3º: La Venida del Espíritu Santo

El Espíritu Santo está siempre presente en la Historia de la salvación: ya en la Creación se


cernía sobre las aguas (Cf. Gn 1, 2); iluminó después a los profetas; en la Anunciación, la santísima
Virgen conci-bió por obra suya. Y en la primera Navidad estaba en el Niño Jesús, porque Dios le dio
el Espíritu sin medida (Cf. Jn 3, 34).

Que sea este mismo Espíritu Divino el que nos llene de alegría para celebrar con gozo la
Navidad; que nos dejemos guiar por Él para que en nuestros ambientes procuremos dar verdadero
sentido cristiano a estas fiestas, que no sean ocasión de ofender más a Dios. Por eso, se lamentaba
la Virgen en la víspera de la Epifanía del Señor del año 2002: «…quiero que aliviéis mi Corazón,
hijos míos, porque todas las fiestas aumenta más el pecado y el dolor de mi Corazón. Los hombres,
cada día están más metidos, hija mía, en los placeres del mundo».

4º: La Asunción de la Virgen María

Como señaló Benedicto XVI, necesitamos «ejemplos de fe que han marcado los últimos dos
mil años de nuestra historia de salvación», y propuso como modelo más ejemplar a la Virgen: «Por
la fe, María acogió la palabra del Ángel y creyó en el anuncio de que sería la Madre de Dios (…).
Con gozo y temblor dio a luz a su único Hijo, manteniendo intacta su virginidad». María creyó
siempre ante toda adversidad…

Por todo ello, la Mujer de fe por excelencia, llena de virtudes, mereció ser elevada al Cielo en
cuerpo y alma. Manifestaba Ella en el mensaje de 7 de septiembre de 1996: «Pido a todos los
hombres que se conserven en la fe fuertes, y todos aquéllos que están separados y han tenido fe,
que vuelvan a unirse al vínculo de la fe. Tened una fe firme, hijos míos, y una caridad ardiente».

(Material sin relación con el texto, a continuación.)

(* Let $f:X\to Y$ be a homomorphism of complex tori, where $X$ has dimension $g$ and period matrix $(\tau\ \ I_g)$ and $Y$ has dimension $h$ and period matrix $(\sigma\ \ I_h)$ (with $\det\operatorname{Im}\tau\ne0$, $\det\operatorname{Im}\sigma\neq0$). Write $F_X=\mathbb{Q}(\{\tau_{ij}\})$, $F_Y=\mathbb{Q}(\{\sigma_{ij}\})$, $\mathfrak{d}_X=[F_X:\mathbb{Q}]$, $\mathfrak{d}_Y=[F_Y:\mathbb{Q}]$. Then: (1) if $f$ has finite kernel, then $F_X\subseteq F_Y$, in particular $\mathfrak{d}_X\le\mathfrak{d}_Y$; (2) if $f$ is surjective, then $F_Y\subseteq F_X$, in particular $\mathfrak{d}_Y\le\mathfrak{d}_X$; (3) if $f$ is an isogeny, then $F_X=F_Y$ and $\mathfrak{d}_X=\mathfrak{d}_Y$; (4) $F_X=F_{X^\vee}$, where $X^\vee$ is the dual torus. In particular $F_X$ and $\mathfrak{d}_X$ depend only on $X$ (indeed only on its isogeny class), not on the chosen period matrix of the form $(\tau\ \ I_g)$.
   Context: A complex torus of dimension $g$ with period matrix $\Pi=(\tau\ \ I_g)$ is $X=\mathbb{C}^g/\Lambda$, where $\Lambda$ is the lattice generated by the $2g$ columns of $\Pi$; every complex torus admits such a period matrix with $\det(\operatorname{Im}\tau)\neq0$. For such a period matrix set $F_X=\mathbb{Q}(\{\tau_{ij}\})\subseteq\mathbb{C}$ and $\mathfrak{d}_X=[F_X:\mathbb{Q}]\in\mathbb{N}\cup\{\infty\}$. *)

theory Defs
  imports "HOL-Analysis.Analysis" "HOL-Library.Extended_Nat"
begin

text \<open>Lattice generated by the columns of the period matrix (tau I_g) in C^g.\<close>
definition period_lattice :: "complex^'g^'g \<Rightarrow> (complex^'g) set" where
  "period_lattice \<tau> =
     {\<tau> *v (\<chi> i. of_int (m $ i)) + (\<chi> i. of_int (n $ i)) | m n :: int^'g. True}"

definition Im_mat :: "complex^'g^'g \<Rightarrow> real^'g^'g" where
  "Im_mat \<tau> = (\<chi> i j. Im (\<tau> $ i $ j))"

definition subfield_C :: "complex set \<Rightarrow> bool" where
  "subfield_C K \<longleftrightarrow> 0 \<in> K \<and> 1 \<in> K \<and>
     (\<forall>x\<in>K. \<forall>y\<in>K. x + y \<in> K \<and> x * y \<in> K) \<and>
     (\<forall>x\<in>K. - x \<in> K \<and> inverse x \<in> K)"
(* Let $G=(S,C,H)$ be a thick spider graph with weight $r\ge3$ and $T_H$ an MDNS of $G[H]$. Then: (1) $\tilde\gamma_{gr}^{\times 2}((S_f,C,H))=\tilde\gamma_{gr}^{\times 2}((S_t,C,H))=\tilde\gamma_{gr}^{\times 2}(G)+1=r+3+\tilde\gamma_{gr}^{\times 2}(G[H])$ and $T_H\oplus(s_1,\dots,s_r,s'_r,c_1,c_2)$ is an MDNS of both $(S_f,C,H)$ and $(S_t,C,H)$; (2) $\tilde\gamma_{gr}^{\times 2}((S,C_f,H))=\tilde\gamma_{gr}^{\times 2}((S,C_t,H))=\tilde\gamma_{gr}^{\times 2}(G)=r+2+\tilde\gamma_{gr}^{\times 2}(G[H])$ and $T_H\oplus(s_1,\dots,s_r,c_1,c_2)$ is an MDNS of both $(S,C_f,H)$ and $(S,C_t,H)$.
   Context: Graphs are finite, simple, undirected; $N(v)$ open, $N[v]$ closed neighborhood. A sequence of distinct vertices $(v_1,\dots,v_k)$ is a double neighborhood sequence (DNS) if for each $i$ some $u\in N[v_i]$ satisfies $|\{j<i:u\in N[v_j]\}|\le 1$; an MDNS is a DNS of maximum length and $\tilde\gamma_{gr}^{\times 2}$ is that length; for the empty graph it is $0$ with the empty sequence. $\oplus$ is concatenation. A spider graph $G=(S,C,H)$: $V(G)$ is partitioned into $S=\{s_1,\dots,s_r\}$ (stable), $C=\{c_1,\dots,c_r\}$ (clique), $H$ (possibly empty), all edges between $C$ and $H$, none between $H$ and $S$; thick means $s_ic_j\in E$ iff $i\neq j$. Quasi-spider graphs: $(S_f,C,H)$ (resp. $(S_t,C,H)$) is obtained by adding a new vertex $s'_r$ with $N(s'_r)=N(s_r)$ (resp. $N[s'_r]=N[s_r]\cup\{s'_r\}$, adjacent to $s_r$); $(S,C_f,H)$ and $(S,C_t,H)$ are obtained analogously by adding a false (resp. true) twin $c'_r$ of $c_r$. *)

theory Defs
  imports Main
begin

definition simple_graph :: "'a set \<Rightarrow> ('a \<Rightarrow> 'a \<Rightarrow> bool) \<Rightarrow> bool" where
  "simple_graph V E \<longleftrightarrow> finite V \<and> (\<forall>x y. E x y \<longrightarrow> x \<in> V \<and> y \<in> V)
     \<and> (\<forall>x y. E x y \<longrightarrow> E y x) \<and> (\<forall>x. \<not> E x x)"

definition cnbr :: "'a set \<Rightarrow> ('a \<Rightarrow> 'a \<Rightarrow> bool) \<Rightarrow> 'a \<Rightarrow> 'a set" where
  "cnbr V E v = {u \<in> V. u = v \<or> E v u}"

definition is_dns :: "'a set \<Rightarrow> ('a \<Rightarrow> 'a \<Rightarrow> bool) \<Rightarrow> 'a list \<Rightarrow> bool" where
  "is_dns V E xs \<longleftrightarrow> distinct xs \<and> set xs \<subseteq> V \<and>
     (\<forall>i < length xs. \<exists>u \<in> cnbr V E (xs ! i).
        card {j. j < i \<and> u \<in> cnbr V E (xs ! j)} \<le> 1)"

definition gamma_dns :: "'a set \<Rightarrow> ('a \<Rightarrow> 'a \<Rightarrow> bool) \<Rightarrow> nat" where
  "gamma_dns V E = Max {length xs | xs. is_dns V E xs}"

definition is_mdns :: "'a set \<Rightarrow> ('a \<Rightarrow> 'a \<Rightarrow> bool) \<Rightarrow> 'a list \<Rightarrow> bool" where
  "is_mdns V E xs \<longleftrightarrow> is_dns V E xs \<and> length xs = gamma_dns V E"

definition induced :: "('a \<Rightarrow> 'a \<Rightarrow> bool) \<Rightarrow> 'a set \<Rightarrow> 'a \<Rightarrow> 'a \<Rightarrow> bool" where
  "induced E H x y \<longleftrightarrow> E x y \<and> x \<in> H \<and> y \<in> H"

definition false_twin_edges :: "('a \<Rightarrow> 'a \<Rightarrow> bool) \<Rightarrow> 'a \<Rightarrow> 'a \<Rightarrow> 'a \<Rightarrow> 'a \<Rightarrow> bool" where
  "false_twin_edges E v w x y \<longleftrightarrow> E x y \<or> (x = w \<and> E v y) \<or> (y = w \<and> E x v)"

definition true_twin_edges :: "('a \<Rightarrow> 'a \<Rightarrow> bool) \<Rightarrow> 'a \<Rightarrow> 'a \<Rightarrow> 'a \<Rightarrow> 'a \<Rightarrow> bool" where
  "true_twin_edges E v w x y \<longleftrightarrow> false_twin_edges E v w x y \<or> (x = w \<and> y = v) \<or> (x = v \<and> y = w)"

5º: La Coronación de la Virgen

María, Reina y Señora de todo lo creado, es la Virgen obediente y humilde, la sencilla ama de
casa, trabajadora y diligente; la Madre solícita en las bodas de Caná junto a su Hijo; la primera y
más fiel discípula de Jesús…

Aprendamos de la Virgen de Nazaret que las coronas de gloria son para el otro mundo, y que
en éste no hay que suspirar por aquellas coronas que se marchitan y que sólo sirven para orgullo y
vanidad.

Aun así, bien merece nuestra Señora el cántico de alabanza más encendido por ser quien es,
por su entrega fiel, por el «sí» que nos trajo la salvación a la Tierra. La encontraremos estos días de
Navidad con Jesús Niño en su regazo. Nos pedía Ella en un mensaje de Prado Nuevo: «…venid a mí,
hijos míos, que soy vuestra Madre, y mi Corazón maternal os espera con cariño y con dulzura, hijos
míos. Yo os conduciré a mi Hijo. Así lo quiso Dios, y se vio en la humillación de su esclava, y me
otorgó venir la Luz al mundo por ese “sí” que di a Dios, mi Creador».